Answered by stephen sheehy
Posted Aug 21, 2014 3:28 PM ET


Polyiso performace slips off a cliff when the average temp through the foam drops below 40F, but isn't damaged by the cold- when temps rise it comes right back. The ASTM C518 testing used for labeling any of this stuff is at an average temp of 75F, but polyiso's performance improves substantially, peaking at about R7/inch center-foam temp is about 60F (say 50F outdoors, 70F indoors, no other insulating layers.)

But it then begins to fall pretty dramatically with falling temp. At a center-foam temp of 45F it's running about R 4.5/inch, at a center foam temp of 25F you're looking at maybe R3/inch.

XPS loses R value monotonically over time, eventually reaching EPS performance when the densities are equal. So assume 1.5lb XPS will eventually perform at about R4.2/inch, depending on how long it has been in service, whereas 2lb XPS will be more like R4.3/inch.

Unlike polyiso, polystyrene performance continues to improve linearly with fallling temp well into negative digits. At a center-foam temp of +25F you can count on about R4.7/inch, even when fully depleted of it's blowing agents. At +40F mid-foam temp it'll be about R4.5/inch.

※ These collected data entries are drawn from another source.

lemma ode_bounded_solution_extends:
  fixes F :: "'a::banach \<Rightarrow> 'a"
  assumes lip: "\<And>R. \<exists>L. L-lipschitz_on (cball 0 R) F"
    and X: "\<And>t. t \<in> {0..<T} \<Longrightarrow> (X has_vector_derivative F (X t)) (at t within {0..<T})"
    and bounded: "\<And>t. t \<in> {0..<T} \<Longrightarrow> norm (X t) \<le> R"
    and T: "0 < T"
  obtains T' Y where "T < T'"
    and "\<And>t. t \<in> {0..<T'} \<Longrightarrow> (Y has_vector_derivative F (Y t)) (at t within {0..<T'})"
    and "\<And>t. t \<in> {0..<T} \<Longrightarrow> Y t = X t"
proof -
  obtain L where lipL: "L-lipschitz_on (cball 0 (R + 1)) F" using lip by blast
  define M where "M = norm (F 0) + L * (R + 1)"
  have L: "0 \<le> L" using lipL by (rule lipschitz_on_nonneg)
  have "norm (X 0) \<le> R" using bounded T by simp
  then have "0 \<le> R + 1" using norm_ge_zero[of "X 0"] by linarith
  then have M: "0 \<le> M" using L by (simp add: M_def)
  have speed: "norm (F (X t)) \<le> M" if "t \<in> {0..<T}" for t
    using lipschitz_on_cball_norm_le[OF lipL] bounded[OF that] by (simp add: M_def)
  define h where "h = 1 / (2 * L + M + 1)"
  have h: "0 < h" "h * M \<le> 1" "h * L \<le> 1/2" using L M by (auto simp: h_def field_simps)
  \<comment> \<open>Restart at a point a within h/2 of T: the local solution through X a lives beyond T.\<close>
  define a where "a = max 0 (T - h/2)"
  have a: "0 \<le> a" "a < T" "T < a + h" "T - a \<le> h" using T h by (auto simp: a_def)
  have ball: "cball (X a) 1 \<subseteq> cball 0 (R + 1)"
  proof
    fix x assume "x \<in> cball (X a) 1"
    then have "norm (x - X a) \<le> 1" by (simp add: dist_norm norm_minus_commute)
    moreover have "norm x \<le> norm (X a) + norm (x - X a)" by (rule norm_triangle_sub)
    moreover have "norm (X a) \<le> R" using bounded a by simp
    ultimately show "x \<in> cball 0 (R + 1)" by simp
  qed
  note lip_ball = lipschitz_on_subset[OF lipL ball]
  interpret picard: picard_iteration F "X a" 1 L M a h
    using lip_ball lipschitz_on_cball_norm_le[OF lipL] ball h by unfold_locales (auto simp: M_def)
  obtain Y where Y_a: "Y a = X a"
    and Y: "\<And>t. t \<in> {a..a+h} \<Longrightarrow> Y t \<in> cball (X a) 1 \<and>
      (Y has_vector_derivative F (Y t)) (at t within {a..a+h})"
    using picard.ode_solution_exists by blast
  have short: "(T - a) * M \<le> 1" "(T - a) * L \<le> 1/2"
    using a h mult_right_mono[OF a(4) M] mult_right_mono[OF a(4) L] by auto
  have late: "{a..<T} \<subseteq> {0..<T}" using a by auto
  then have X_late: "(X has_vector_derivative F (X t)) (at t within {a..<T})" if "t \<in> {a..<T}" for t
    using has_vector_derivative_within_subset[OF X] that by blast
  have speed_late: "norm (F (X t)) \<le> M" if "t \<in> {a..<T}" for t
    using speed late that by blast
  have agree: "X t = Y t" if "t \<in> {a..<T}" for t
    by (rule ode_solutions_agree_short[OF lip_ball X_late speed_late Y Y_a less_imp_le[OF a(3)]
          short that])
  show ?thesis
  proof
    show "T < a + h" using a by simp
    show "((\<lambda>s. if s < T then X s else Y s) has_vector_derivative
        F (if t < T then X t else Y t)) (at t within {0..<a + h})" if "t \<in> {0..<a + h}" for t
      using ode_solution_glue[OF X _ a(1-3) agree that] Y by blast
  qed simp
qed

section \<open>The system as a differential equation for bounded sequences\<close>

(* The state (rho, lam_1, ..., lam_n) is stored as a bounded function on nat supported in
   {0..n}, with rho at index 0.  Giving nat the discrete metric makes these functions a Banach
   space that accommodates every dimension n at once. *)

instantiation nat :: metric_space
begin

definition dist_nat :: "nat \<Rightarrow> nat \<Rightarrow> real" where
  "dist_nat m n = of_bool (m \<noteq> n)"

definition uniformity_nat :: "(nat \<times> nat) filter" where
  "uniformity_nat = (INF e\<in>{0<..}. principal {(x, y). dist x y < e})"

instance
proof
  fix U :: "nat set"
  have "eventually (\<lambda>(x', y). x' = x \<longrightarrow> y \<in> U) uniformity" if "x \<in> U" for x
    unfolding uniformity_nat_def
    by (rule eventually_INF1[of 1]) (use that in \<open>auto simp: eventually_principal dist_nat_def\<close>)
  then show "open U = (\<forall>x\<in>U. eventually (\<lambda>(x', y). x' = x \<longrightarrow> y \<in> U) uniformity)"
    by (simp add: open_discrete)
qed (auto simp: dist_nat_def uniformity_nat_def)

end

instance bcontfun :: (metric_space, banach) banach ..

lemma bounded_linear_apply_bcontfun:
  "bounded_linear (\<lambda>x :: 'a::topological_space \<Rightarrow>\<^sub>C 'b::real_normed_vector. x i)"
  by (rule bounded_linear_intro[where K=1]) (auto simp: norm_bounded)

lemma apply_bcontfun_sum: "apply_bcontfun (\<Sum>a\<in>A. f a) x = (\<Sum>a\<in>A. apply_bcontfun (f a) x)"
  by (induction A rule: infinite_finite_induct) auto

definition fin_seq :: "nat \<Rightarrow> (nat \<Rightarrow> real) \<Rightarrow> (nat \<Rightarrow>\<^sub>C real)" where
  "fin_seq n g = Bcontfun (\<lambda>i. if i \<le> n then g i else 0)"

lemma fin_seq_apply [simp]: "fin_seq n g i = (if i \<le> n then g i else 0)"
proof -
  have "(\<lambda>i. if i \<le> n then g i else 0) \<in> bcontfun"
  proof (rule bcontfun_normI)
    fix i
    show "norm (if i \<le> n then g i else 0) \<le> (\<Sum>j\<le>n. \<bar>g j\<bar>)"
      by (auto intro: member_le_sum sum_nonneg)
  qed (simp add: continuous_on_discrete)
  then show ?thesis by (simp add: fin_seq_def Bcontfun_inverse)
qed

lemma fin_seq_cong: "(\<And>i. i \<le> n \<Longrightarrow> f i = g i) \<Longrightarrow> fin_seq n f = fin_seq n g"
  by (rule bcontfun_eqI) simp

lemma has_vector_derivative_fin_seq:
  assumes "\<And>i. i \<le> n \<Longrightarrow> ((\<lambda>t. g i t) has_real_derivative g' i) (at t within S)"
  shows "((\<lambda>t. fin_seq n (\<lambda>i. g i t)) has_vector_derivative fin_seq n g') (at t within S)"
proof -
  define e where "e i = fin_seq n (\<lambda>j. of_bool (i = j))" for i
  have expand: "fin_seq n h = (\<Sum>i\<le>n. h i *\<^sub>R e i)" for h
    by (rule bcontfun_eqI) (simp add: apply_bcontfun_sum e_def)
  have "((\<lambda>t. \<Sum>i\<le>n. g i t *\<^sub>R e i) has_vector_derivative (\<Sum>i\<le>n. g' i *\<^sub>R e i)) (at t within S)"
  proof (rule has_vector_derivative_sum)
    fix i assume "i \<in> {..n}"
    then show "((\<lambda>t. g i t *\<^sub>R e i) has_vector_derivative g' i *\<^sub>R e i) (at t within S)"
      using has_vector_derivative_scaleR[OF assms has_vector_derivative_const] by simp
  qed
  then show ?thesis by (simp only: expand)
qed

definition sys_state :: "nat \<Rightarrow> (nat \<Rightarrow> real) \<Rightarrow> real \<Rightarrow> (nat \<Rightarrow>\<^sub>C real)" where
  "sys_state n l r = fin_seq n (\<lambda>i. if i = 0 then r else l i)"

In REMOTE stackups you can get better overall performance at a given foam thickness by making the outer layers polystyrene, the inner layers polyiso. As long as the average mid-winter temp at the EPS/polyiso boundary is above about 40F it means the polyiso layer willl be averaging near it's optimal temperature, and the outer layer of EPS would outperform polyiso. A comparative view of the derating curves (looking at conductivity or 1/R) can be found here:


Compressive strength of foamed polystyrene foam does not degrade appreciably over time unless it's been left literally for YEARS exposed to direct sunlight (where the UV breaks down the polymer). If it's not all chalky on the surface and fully bleached out, it's pretty much good to go for sub-slab applications (even if it IS all bleached out & chalky it's probably still good enough from a compressive point of view, but may have a higher than desirable open cell fraction.) Density is pretty much the determinant of how well it will do from a compressive strength point of view. Almost all XPS sold is 1.5lbs density or higher, most EPS used in construction is 1.25lbs (Type-VIII) or higher. Perhaps the most common density used in construction is 1.5lbs (Type-II).